▸ YOUR TASK
Please transcribe exactly, and only, the lines of the data below between the line holding "- ln (\<integral>\<omega>." and the line holding "For infinitely divisible", inclusive.

*** Opening DATA UNDER STUDY ***

(* Let $h:[0,\infty)\to[0,\infty)$ be differentiable with $\lim_{x\to\infty}h'(x)=0$, and suppose there is $x_0\ge0$ such that $h$ is concave on $[x_0,\infty)$; let $\rho_h$ be the finite positive measure on $[x_0,\infty)$ with $h'(x)=\rho_h([x,\infty))$ for $x\ge x_0$. Let $Z$ be a nonnegative random variable and $\phi(\lambda)=-\log\mathbb{E}[e^{-\lambda Z}]$. 1) $\mathbb{E}[h(Z)]<\infty$ if and only if $\int_{x_0}^\infty\min\big(1,\phi(1/x)\big)\,x\,\rho_h(dx)<\infty$. 2) Assume $Z$ is infinitely divisible with $\phi(\lambda)=d\lambda+\int_{(0,\infty)}(1-e^{-\lambda x})\Pi(dx)$, $d\ge0$, $\int(x\wedge1)\Pi(dx)<\infty$. Then the following are equivalent: (i) $\mathbb{E}[h(Z)]<\infty$; (ii) $\int_{[x_0,\infty)}\chi_h(u)\Pi(du)<\infty$, where $\chi_h(u)=\int_{[x_0,\infty)}(x\wedge u)\rho_h(dx)$, which for $u\ge x_0$ equals $h(u)-h(x_0)+x_0h'(x_0)$; (iii) $\int_{[x_0,\infty)}\big(h(u)-h(x_0)\big)\Pi(du)<\infty$. *)

theory Defs
  imports "HOL-Probability.Probability"
begin

definition laplace_exponent :: "'a measure \<Rightarrow> ('a \<Rightarrow> real) \<Rightarrow> real \<Rightarrow> real" where
  "laplace_exponent M Z l = - ln (\<integral>\<omega>. exp (- l * Z \<omega>) \<partial>M)"

definition chi :: "real measure \<Rightarrow> real \<Rightarrow> real \<Rightarrow> ennreal" where
  "chi rho x0 u = (\<integral>\<^sup>+ x \<in> {x0..}. ennreal (min x u) \<partial>rho)"

end

theory Submission
  imports Defs
begin

text \<open>
Since h' t = rho [t, oo) for t >= x0, Tonelli
gives chi u = h u - h x0 + x0 h' x0 for u >= x0, so h and chi differ by a bounded amount on
[0, oo). As rho and the law of Z are finite measures, additive and multiplicative constants do
not affect finiteness of integrals, so E h(Z) is finite iff E chi(Z), which by Tonelli is the
integral of E min(x, Z) against rho, is finite. The estimate
(1 - exp (-1)) min 1 t <= 1 - exp (-t) <= min 1 t makes E min(x, Z), x (1 - exp (- phi (1/x)))
and x min(1, phi (1/x)) comparable, which gives part 1.

For infinitely divisible Z the same estimate inside the Levy-Khintchine formula makes
x min(1, phi (1/x)) comparable, up to additive constants, to the integral of min x u over
Pi restricted to [x0, oo), the part of Pi below x0 contributing a bounded amount. Integrating
against rho and applying Tonelli once more turns this into the integral of chi against Pi
on [x0, oo). There chi - (h - h x0) is the constant x0 h' x0, and Pi [x0, oo) is finite
when x0 > 0.
\<close>

lemma one_minus_exp_neg_bounds:
  fixes t :: real
  assumes "t \<ge> 0"
  shows "(1 - exp (-1)) * min 1 t \<le> 1 - exp (-t)" and "1 - exp (-t) \<le> min 1 t"
proof -
  show "1 - exp (-t) \<le> min 1 t"
    using exp_ge_add_one_self[of "-t"] by simp
  show "(1 - exp (-1)) * min 1 t \<le> 1 - exp (-t)"
  proof (cases "t \<le> 1")
    case True
    have "exp ((1 - t) *\<^sub>R 0 + t *\<^sub>R (-1)) \<le> (1 - t) * exp 0 + t * exp (-1::real)"
      using convex_onD[OF exp_convex, of t 0 "-1"] True assms by simp
    then show ?thesis using True by (simp add: algebra_simps)
  qed simp
qed

lemma one_minus_exp_neg_scaled_bounds:
  fixes x z :: real
  assumes "x > 0" and "z \<ge> 0"
  shows "(1 - exp (-1)) * min x z \<le> x * (1 - exp (- (1/x) * z))"
    and "x * (1 - exp (- (1/x) * z)) \<le> min x z"
proof -
  have t: "z / x \<ge> 0" and m: "min x z = x * min 1 (z / x)" and e: "- (1/x) * z = - (z / x)"
    using assms by (auto simp: min_def field_simps)
  show "(1 - exp (-1)) * min x z \<le> x * (1 - exp (- (1/x) * z))"
    using mult_left_mono[OF one_minus_exp_neg_bounds(1)[OF t], of x] assms
    unfolding m e by (simp add: mult_ac)
  show "x * (1 - exp (- (1/x) * z)) \<le> min x z"
    using mult_left_mono[OF one_minus_exp_neg_bounds(2)[OF t], of x] assms
    unfolding m e by simp
qed

lemma (in finite_measure) nn_integral_less_top_if_le_affine:
  assumes "b \<in> borel_measurable M" and "AE x in M. a x \<le> c * b x + k"
    and "c < \<infinity>" and "k < \<infinity>" and "integral\<^sup>N M b < \<infinity>"
  shows "integral\<^sup>N M a < \<infinity>"
proof -
  have "integral\<^sup>N M a \<le> (\<integral>\<^sup>+x. c * b x + k \<partial>M)"
    by (rule nn_integral_mono_AE) fact
  also have "\<dots> = c * integral\<^sup>N M b + k * emeasure M (space M)"
    using assms(1) by (simp add: nn_integral_add nn_integral_cmult)
  also have "\<dots> < \<infinity>"
    using assms(3-5) emeasure_finite[of "space M", unfolded less_top]
    by (simp add: ennreal_mult_less_top)
  finally show ?thesis .
qed

lemma (in finite_measure) nn_integral_less_top_iff_comparable:
  assumes "a \<in> borel_measurable M" and "b \<in> borel_measurable M"
    and "AE x in M. a x \<le> c * b x + k" and "AE x in M. b x \<le> c' * a x + k'"
    and "c < \<infinity>" and "k < \<infinity>" and "c' < \<infinity>" and "k' < \<infinity>"
  shows "integral\<^sup>N M a < \<infinity> \<longleftrightarrow> integral\<^sup>N M b < \<infinity>"
  using nn_integral_less_top_if_le_affine[of b a c k] nn_integral_less_top_if_le_affine[of a b c' k'] assms
  by blast

lemma min_le_max_one_mult_min_one:
  fixes x u :: real
  assumes "u \<ge> 0"
  shows "min x u \<le> max 1 x * min u 1"
  using assms mult_right_mono[of 1 x u] by (auto simp: min_def max_def)

section \<open>Laplace exponents\<close>

context prob_space
begin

*** Closing DATA UNDER STUDY ***

▸ EXERCISE RESPONSE
  "laplace_exponent M Z l = - ln (\<integral>\<omega>. exp (- l * Z \<omega>) \<partial>M)"

definition chi :: "real measure \<Rightarrow> real \<Rightarrow> real \<Rightarrow> ennreal" where
  "chi rho x0 u = (\<integral>\<^sup>+ x \<in> {x0..}. ennreal (min x u) \<partial>rho)"

end

theory Submission
  imports Defs
begin

text \<open>
Since h' t = rho [t, oo) for t >= x0, Tonelli
gives chi u = h u - h x0 + x0 h' x0 for u >= x0, so h and chi differ by a bounded amount on
[0, oo). As rho and the law of Z are finite measures, additive and multiplicative constants do
not affect finiteness of integrals, so E h(Z) is finite iff E chi(Z), which by Tonelli is the
integral of E min(x, Z) against rho, is finite. The estimate
(1 - exp (-1)) min 1 t <= 1 - exp (-t) <= min 1 t makes E min(x, Z), x (1 - exp (- phi (1/x)))
and x min(1, phi (1/x)) comparable, which gives part 1.

For infinitely divisible Z the same estimate inside the Levy-Khintchine formula makes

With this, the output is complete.